2018-Aug-25 02:24 UTC

head link

[R] looking for formula parser that allows coefficients

The isChar function used in Parse is:

  isChar <- function(e, ch) identical(e, as.symbol(ch))
On Fri, Aug 24, 2018 at 10:06 PM Gabor Grothendieck
<ggrothendieck at gmail.com> wrote:>
> Also here is a solution that uses formula processing rather than
> string processing.
> No packages are used.
>
> Parse <- function(e) {
>   if (length(e) == 1) {
>     if (is.numeric(e)) return(e)
>     else setNames(1, as.character(e))
>   } else {
>     if (isChar(e[[1]], "*")) {
>        x1 <- Recall(e[[2]])
>        x2 <- Recall(e[[3]])
>        setNames(unname(x1 * x2), paste0(names(x1), names(x2)))
>     } else if (isChar(e[[1]], "+")) c(Recall(e[[2]]),
Recall(e[[3]]))
>     else if (isChar(e[[1]], "-")) {
>       if (length(e) == 2) -1 * Recall(e[[2]])
>       else c(Recall(e[[2]]), -Recall(e[[3]]))
>     } else if (isChar(e[[1]], ":")) setNames(1, paste(e[-1],
collapse = ":"))
>   }
> }
>
> # test
> fo <- y ~ 2 - 1.1 * x1 + x3 - x1:x3 + 0.2 * x2:x2
> Parse(fo[[3]])
>
> giving:
>
>          x1    x3 x1:x3 x2:x2
>   2.0  -1.1   1.0  -1.0   0.2
> On Wed, Aug 22, 2018 at 11:50 AM Paul Johnson <pauljohn32 at
gmail.com> wrote:
> >
> > Thanks as usual.  I owe you more KU decorations soon.
> > On Wed, Aug 22, 2018 at 2:34 AM Gabor Grothendieck
> > <ggrothendieck at gmail.com> wrote:
> > >
> > > Some string manipulation can convert the formula to a named
vector such as
> > > the one shown at the end of your post.
> > >
> > > library(gsubfn)
> > >
> > > # input
> > > fo <- y ~ 2 - 1.1 * x1 + x3 - x1:x3 + 0.2 * x2:x2
> > >
> > > pat <- "([+-])? *(\\d\\S*)? *\\*?
*([[:alpha:]]\\S*)?"
> > > ch <- format(fo[[3]])
> > > m <- matrix(strapplyc(ch, pat)[[1]], 3)
> > > m <- m[, colSums(m != "") > 0]
> > > m[2, m[2, ] == ""] <- 1
> > > m[3, m[3, ] == ""] <- "(Intercept)"
> > > co <- as.numeric(paste0(m[1, ], m[2, ]))
> > > v <- m[3, ]
> > > setNames(co, v)
> > > ## (Intercept)          x1          x3       x1:x3       x2:x2
> > > ##         2.0        -1.1         1.0        -1.0         0.2
> > > On Tue, Aug 21, 2018 at 6:46 PM Paul Johnson <pauljohn32 at
gmail.com> wrote:
> > > >
> > > > Can you point me at any packages that allow users to write a
> > > > formula with coefficients?
> > > >
> > > > I want to write a data simulator that has a matrix X with
lots
> > > > of columns, and then users can generate predictive models
> > > > by entering a formula that uses some of the variables,
allowing
> > > > interactions, like
> > > >
> > > > y ~ 2 + 1.1 * x1 + 3 * x3 + 0.1 * x1:x3 + 0.2 * x2:x2
> > > >
> > > > Currently, in the rockchalk package, I have a function
simulates
> > > > data (genCorrelatedData2), but my interface to enter the
beta
> > > > coefficients is poor.  I assumed user would always enter
0's as
> > > > place holder for the unused coefficients, and the intercept
is
> > > > always first.
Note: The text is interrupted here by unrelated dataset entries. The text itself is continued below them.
(* Let $G$ be a finite nonabelian group having a nonnormal subgroup $S$ of index $[G:S]=3$. Then $\beta(G)\ge \frac{4}{3}|G|$.
   Context: For a nonempty subset $X$ of a group $G$, $Q(X):=\{xy^{-1}: x,y\in X\}$. Nonempty subsets $S_1,S_2,S_3$ of $G$ satisfy the Triple Product Property (TPP) if for all $s_i\in Q(S_i)$: $s_1s_2s_3=1$ iff $s_1=s_2=s_3=1$. A group $G$ realizes $\langle n,p,m\rangle$ if there are subsets $S_1,S_2,S_3\subseteq G$ with $|S_1|=n$, $|S_2|=p$, $|S_3|=m$ satisfying the TPP. For a nontrivial finite group $G$, the TPP capacity is $\beta(G):=\max\{npm : G \text{ realizes } \langle n,p,m\rangle\}$. *)

theory Defs
  imports "HOL-Algebra.Algebra"
begin

definition quot_set :: "('a, 'b) monoid_scheme \<Rightarrow> 'a set \<Rightarrow> 'a set" where
  "quot_set G A = {monoid.mult G x (m_inv G y) | x y. x \<in> A \<and> y \<in> A}"

definition TPP :: "('a, 'b) monoid_scheme \<Rightarrow> 'a set \<Rightarrow> 'a set \<Rightarrow> 'a set \<Rightarrow> bool" where
  "TPP G S1 S2 S3 \<longleftrightarrow>
     (\<forall>s1 \<in> quot_set G S1. \<forall>s2 \<in> quot_set G S2. \<forall>s3 \<in> quot_set G S3.
        (monoid.mult G (monoid.mult G s1 s2) s3 = one G) \<longleftrightarrow>
        (s1 = one G \<and> s2 = one G \<and> s3 = one G))"

definition realizes :: "('a, 'b) monoid_scheme \<Rightarrow> nat \<Rightarrow> nat \<Rightarrow> nat \<Rightarrow> bool" where
  "realizes G n p m \<longleftrightarrow>
     (\<exists>S1 S2 S3. S1 \<subseteq> carrier G \<and> S2 \<subseteq> carrier G \<and> S3 \<subseteq> carrier G \<and>
        S1 \<noteq> {} \<and> S2 \<noteq> {} \<and> S3 \<noteq> {} \<and>
        card S1 = n \<and> card S2 = p \<and> card S3 = m \<and> TPP G S1 S2 S3)"

definition tpp_capacity :: "('a, 'b) monoid_scheme \<Rightarrow> nat" where
  "tpp_capacity G = Max {n * p * m | n p m. realizes G n p m}"

end

theory Submission
  imports Defs
begin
The unnamed vector is too confusing.  I have
them specify:
> > > >
> > > > c(2, 1.1, 0, 3, 0, 0, 0.2, ...)
> > > >
> > > > I the documentation I say (ridiculously) it is easy to
figure out from
> > > > the examples, but it really isnt.
> > > > It function prints out the equation it thinks you intended,
thats
> > > > minimum protection against user error, but still not very
good:
> > > >
> > > > dat <- genCorrelatedData2(N = 10, rho = 0.0,
> > > >           beta = c(1, 2, 1, 1, 0, 0.2, 0, 0, 0),
> > > >           means = c(0,0,0), sds = c(1,1,1), stde = 0)
> > > > [1] "The equation that was calculated was"
> > > > y = 1 + 2*x1 + 1*x2 + 1*x3
> > > >  + 0*x1*x1 + 0.2*x2*x1 + 0*x3*x1
> > > >  + 0*x1*x2 + 0*x2*x2 + 0*x3*x2
> > > >  + 0*x1*x3 + 0*x2*x3 + 0*x3*x3
> > > >  + N(0,0) random error
> > > >
> > > > But still, it is not very good.
> > > >
> > > > As I look at this now, I realize expect just the vech, not
the whole vector
> > > > of all interaction terms, so it is even more difficult than
I thought to get the
> > > > correct input.Hence, I'd like to let the user write a
formula.
> > > >
> > > > The alternative for the user interface is to have named
coefficients.
> > > > I can more or less easily allow a named vector for beta
> > > >
> > > > beta = c("(Intercept)" = 1, "x1" = 2,
"x2" = 1, "x3" = 1, "x2:x1" = 0.1)
> > > >
> > > > I could build a formula from that.  That's not too bad.
But I still think
> > > > it would be cool to allow formula input.
> > > >
> > > > Have you ever seen it done?
> > > > pj
> > > > --
> > > > Paul E. Johnson   http://pj.freefaculty.org
> > > > Director, Center for Research Methods and Data Analysis
http://crmda.ku.edu
> > > >
> > > > To write to me directly, please address me at pauljohn at
ku.edu.
> > > >
> > > > ______________________________________________
> > > > R-help at r-project.org mailing list -- To UNSUBSCRIBE and
more, see
> > > > https://stat.ethz.ch/mailman/listinfo/r-help
> > > > PLEASE do read the posting guide
http://www.R-project.org/posting-guide.html
> > > > and provide commented, minimal, self-contained, reproducible
code.
> > >
> > >
> > >
> > > --
> > > Statistics & Software Consulting
> > > GKX Group, GKX Associates Inc.
> > > tel: 1-877-GKX-GROUP
> > > email: ggrothendieck at gmail.com
> >
> >
> >
> > --
> > Paul E. Johnson   http://pj.freefaculty.org
> > Director, Center for Research Methods and Data Analysis
http://crmda.ku.edu
> >
> > To write to me directly, please address me at pauljohn at ku.edu.
>
>
>
> --
> Statistics & Software Consulting
> GKX Group, GKX Associates Inc.
> tel: 1-877-GKX-GROUP
> email: ggrothendieck at gmail.com


-- 
Statistics & Software Consulting
GKX Group, GKX Associates Inc.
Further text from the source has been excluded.